Kicking off with a sample of the film intro from A Clockwork Orange, the band launch into TV Cabbage and are immediately in their groove. That’s all the more impressive as they have a stand in guitarist Tom Stanley subbing for Tokyo-based founder member Tony Byker whose guitar licks are suitably psychedelic and hard to emulate. Tom excels.
There follows a 17-song set that veers from standard indie punk to thrash metal and dance rock that brings to mind a clash of music genres, but all go down well with the committed fan base.
Stand-out treats include Shoulders, written as a tribute to the fans that followed the band from gig to gig and Zen Express which takes 1960s guitar riffs and crosses them with a punk edge.
But the main applause is saved for the final two tracks, the band’s debut single Everythang’s Groovy and the breakthrough Nosedive Karma with Hendrix like guitar, sci-fi samples, and a punk rock electropop rap culture mix aplenty which has kept its cool some 35 years on.

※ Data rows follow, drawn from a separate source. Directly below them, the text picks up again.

lemma peel_odd_pair:
  assumes "even (edge_count E S)" "u \<in> S" "v \<in> S" "u \<noteq> v" "{u, v} \<notin> E"
    and "odd (deg E S u)" "odd (deg E S v)"
  shows "peel E S (S - {u, v})"
proof -
  have "deg E (S - {u}) v = deg E S v" using assms(5) by (rule deg_remove_nonadjacent)
  then have "edge_count E S = edge_count E (S - {u} - {v}) + deg E S u + deg E S v"
    using edge_count_remove[of u S] edge_count_remove[of v "S - {u}"] assms(2-4) by simp
  moreover have "S - {u} - {v} = S - {u, v}" "S - (S - {u, v}) = {u, v}" using assms(2,3) by auto
  moreover have "independent E {u, v}"
    using assms(5) no_loop unfolding independent_def by (auto simp: insert_commute)
  ultimately show ?thesis using assms(1,2,6,7) unfolding peel_def by auto
qed

text \<open>Peel x and q, where q has odd degree and x has even degree exactly when it is adjacent to q:
  either both are odd and non-adjacent, or x is peeled first, which makes the degree of q even.\<close>
lemma peels_pair:
  assumes S: "S \<subseteq> V" "even (edge_count E S)" and in_S: "x \<in> S" "q \<in> S" "x \<noteq> q"
    and q: "odd (deg E S q)" and x: "even (deg E S x) \<longleftrightarrow> {x, q} \<in> E"
  shows "peels E S (S - {x, q})"
proof (cases "{x, q} \<in> E")
  case True
  have step1: "peel E S (S - {x})" using peel_even_vertex[OF S(2) in_S(1)] x True by simp
  then have "even (edge_count E (S - {x}))" unfolding peel_def by blast
  moreover have "even (deg E (S - {x}) q)"
    using deg_parity_remove[OF finite_subset_V[OF S(1)] in_S(1)] q True by simp
  ultimately have "peel E (S - {x}) (S - {x} - {q})"
    using peel_even_vertex[of "S - {x}" q] in_S by blast
  moreover have "S - {x} - {q} = S - {x, q}" by auto
  ultimately show ?thesis using step1 by (metis converse_rtranclp_into_rtranclp r_into_rtranclp)
next
  case False
  then show ?thesis using peel_odd_pair[OF S(2) in_S] q x by blast
qed

lemma peel_in_nonclique:
  assumes "even (edge_count E S)" "Y \<subseteq> S" "\<not> clique E Y"
  shows "\<exists>R. R \<noteq> {} \<and> R \<subseteq> Y \<and> peel E S (S - R)"
proof (cases "\<exists>y\<in>Y. even (deg E S y)")
  case True
  then obtain y where "y \<in> Y" "even (deg E S y)" by auto
  then have "peel E S (S - {y})" using peel_even_vertex[OF assms(1)] assms(2) by blast
  then show ?thesis using \<open>y \<in> Y\<close> by (intro exI[of _ "{y}"]) auto
next
  case False
  obtain u v where "u \<in> Y" "v \<in> Y" "u \<noteq> v" "{u, v} \<notin> E"
    using assms(3) unfolding clique_def by auto
  moreover have "odd (deg E S u)" "odd (deg E S v)" using False \<open>u \<in> Y\<close> \<open>v \<in> Y\<close> by auto
  ultimately have "peel E S (S - {u, v})" using peel_odd_pair[OF assms(1)] assms(2) by blast
  then show ?thesis using \<open>u \<in> Y\<close> \<open>v \<in> Y\<close> by (intro exI[of _ "{u, v}"]) auto
qed

lemma peels_to_clique:
  assumes "S \<subseteq> V" "Y \<subseteq> S" "even (edge_count E S)"
  shows "\<exists>K \<subseteq> Y. clique E K \<and> peels E S (K \<union> (S - Y))"
  using assms
proof (induction "card Y" arbitrary: S Y rule: less_induct)
  case less
  show ?case
  proof (cases "clique E Y")
    case True
    moreover have "Y \<union> (S - Y) = S" using less.prems by auto
    ultimately show ?thesis by auto
  next
    case False
    then obtain R where R: "R \<noteq> {}" "R \<subseteq> Y" "peel E S (S - R)"
      using peel_in_nonclique[OF less.prems(3,2)] by blast
    have "finite Y" using finite_subset_V less.prems(1,2) by blast
    moreover have "Y - R \<subset> Y" using R(1,2) by blast
    ultimately have smaller: "card (Y - R) < card Y" by (rule psubset_card_mono)
    have "S - R \<subseteq> V" "Y - R \<subseteq> S - R" "even (edge_count E (S - R))"
      using less.prems R(3) unfolding peel_def by auto
    from less.hyps[OF smaller this] obtain K where K: "K \<subseteq> Y - R" "clique E K"
        "peels E (S - R) (K \<union> (S - R - (Y - R)))"
      by blast
    have "S - R - (Y - R) = S - Y" using R(2) by auto
    then have "peels E S (K \<union> (S - Y))" using converse_rtranclp_into_rtranclp[OF R(3) K(3)] by simp
    then show ?thesis using K(1,2) by blast
  qed
qed

lemma peels_even_then_pair:
  assumes S: "S \<subseteq> V" "even (edge_count E S)" and in_S: "c \<in> S" "c' \<in> S" "q \<in> S"
    and distinct: "c \<noteq> c'" "c \<noteq> q" "c' \<noteq> q"
    and edges: "{c, c'} \<in> E" "{c, q} \<notin> E"
    and parity: "even (deg E S c)" "odd (deg E S q)" "even (deg E S c') \<longleftrightarrow> {c', q} \<notin> E"
  shows "peels E S (S - {c, c', q})"
proof -
  have step: "peel E S (S - {c})" using peel_even_vertex[OF S(2) in_S(1) parity(1)] .
  have fin: "finite S" using finite_subset_V[OF S(1)] .
  have q: "odd (deg E (S - {c}) q)"
    using deg_parity_remove[OF fin in_S(1), where x = q] edges(2) parity(2) by simp
  have c': "even (deg E (S - {c}) c') \<longleftrightarrow> {c', q} \<in> E"
    using deg_parity_remove[OF fin in_S(1), where x = c'] edges(1) parity(3) by simp
  have S': "S - {c} \<subseteq> V" "even (edge_count E (S - {c}))" using step S(1) unfolding peel_def by auto
  have "peels E (S - {c}) (S - {c} - {c', q})"
    by (rule peels_pair[OF S']) (use in_S distinct q c' in auto)
  moreover have "S - {c} - {c', q} = S - {c, c', q}" by auto
  ultimately show ?thesis using step by (metis converse_rtranclp_into_rtranclp)
qed

lemma peels_odd_pair_then_pair:
  assumes S: "S \<subseteq> V" "even (edge_count E S)" and in_S: "a \<in> S" "a' \<in> S" "b \<in> S" "q \<in> S"
    and distinct: "a \<noteq> a'" "a \<noteq> b" "a' \<noteq> b" "a \<noteq> q" "a' \<noteq> q" "b \<noteq> q"
    and edges: "{a, a'} \<notin> E" "{a, b} \<in> E" "{a', b} \<notin> E" "{a, q} \<in> E" "{a', q} \<in> E" "{b, q} \<in> E"
    and parity: "odd (deg E S a)" "odd (deg E S a')" "odd (deg E S b)" "odd (deg E S q)"
  shows "peels E S (S - {a, a', b, q})"
proof -
  have step: "peel E S (S - {a, a'})" using peel_odd_pair[OF S(2) in_S(1,2)] distinct edges parity by blast
  have fin: "finite S" "finite (S - {a})" using finite_subset_V[OF S(1)] by auto
  have "even (deg E (S - {a}) b)" "even (deg E (S - {a}) q)"
    using deg_parity_remove[OF fin(1) in_S(1), where x = b]
      deg_parity_remove[OF fin(1) in_S(1), where x = q] edges(2,4) parity(3,4) by simp_all
  moreover have a': "a' \<in> S - {a}" using in_S distinct by simp
  ultimately have "even (deg E (S - {a} - {a'}) b)" "odd (deg E (S - {a} - {a'}) q)"
    using deg_parity_remove[OF fin(2) a', where x = b] deg_parity_remove[OF fin(2) a', where x = q]
      edges(3,5) by simp_all
  moreover have "S - {a} - {a'} = S - {a, a'}" by auto
  ultimately have b: "even (deg E (S - {a, a'}) b)" and q: "odd (deg E (S - {a, a'}) q)" by simp_all
  have S': "S - {a, a'} \<subseteq> V" "even (edge_count E (S - {a, a'}))"
    using step S(1) unfolding peel_def by auto
  have "peels E (S - {a, a'}) (S - {a, a'} - {b, q})"
    by (rule peels_pair[OF S']) (use in_S distinct edges b q in auto)
  moreover have "S - {a, a'} - {b, q} = S - {a, a', b, q}" by auto
  ultimately show ?thesis using step by (metis converse_rtranclp_into_rtranclp)
qed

The set may have been a bit heavy on tracks from the early singles and albums, but the Bykers remain tight and their musical trip remains totally enjoyable with the delight from the band playing together like old friends reflected by the enthusiastic reception of the audience.
There’s depth and a greater message than may be expected, not just a comedy name. All in all it’s fun and one of those comebacks where the fans definitely want more.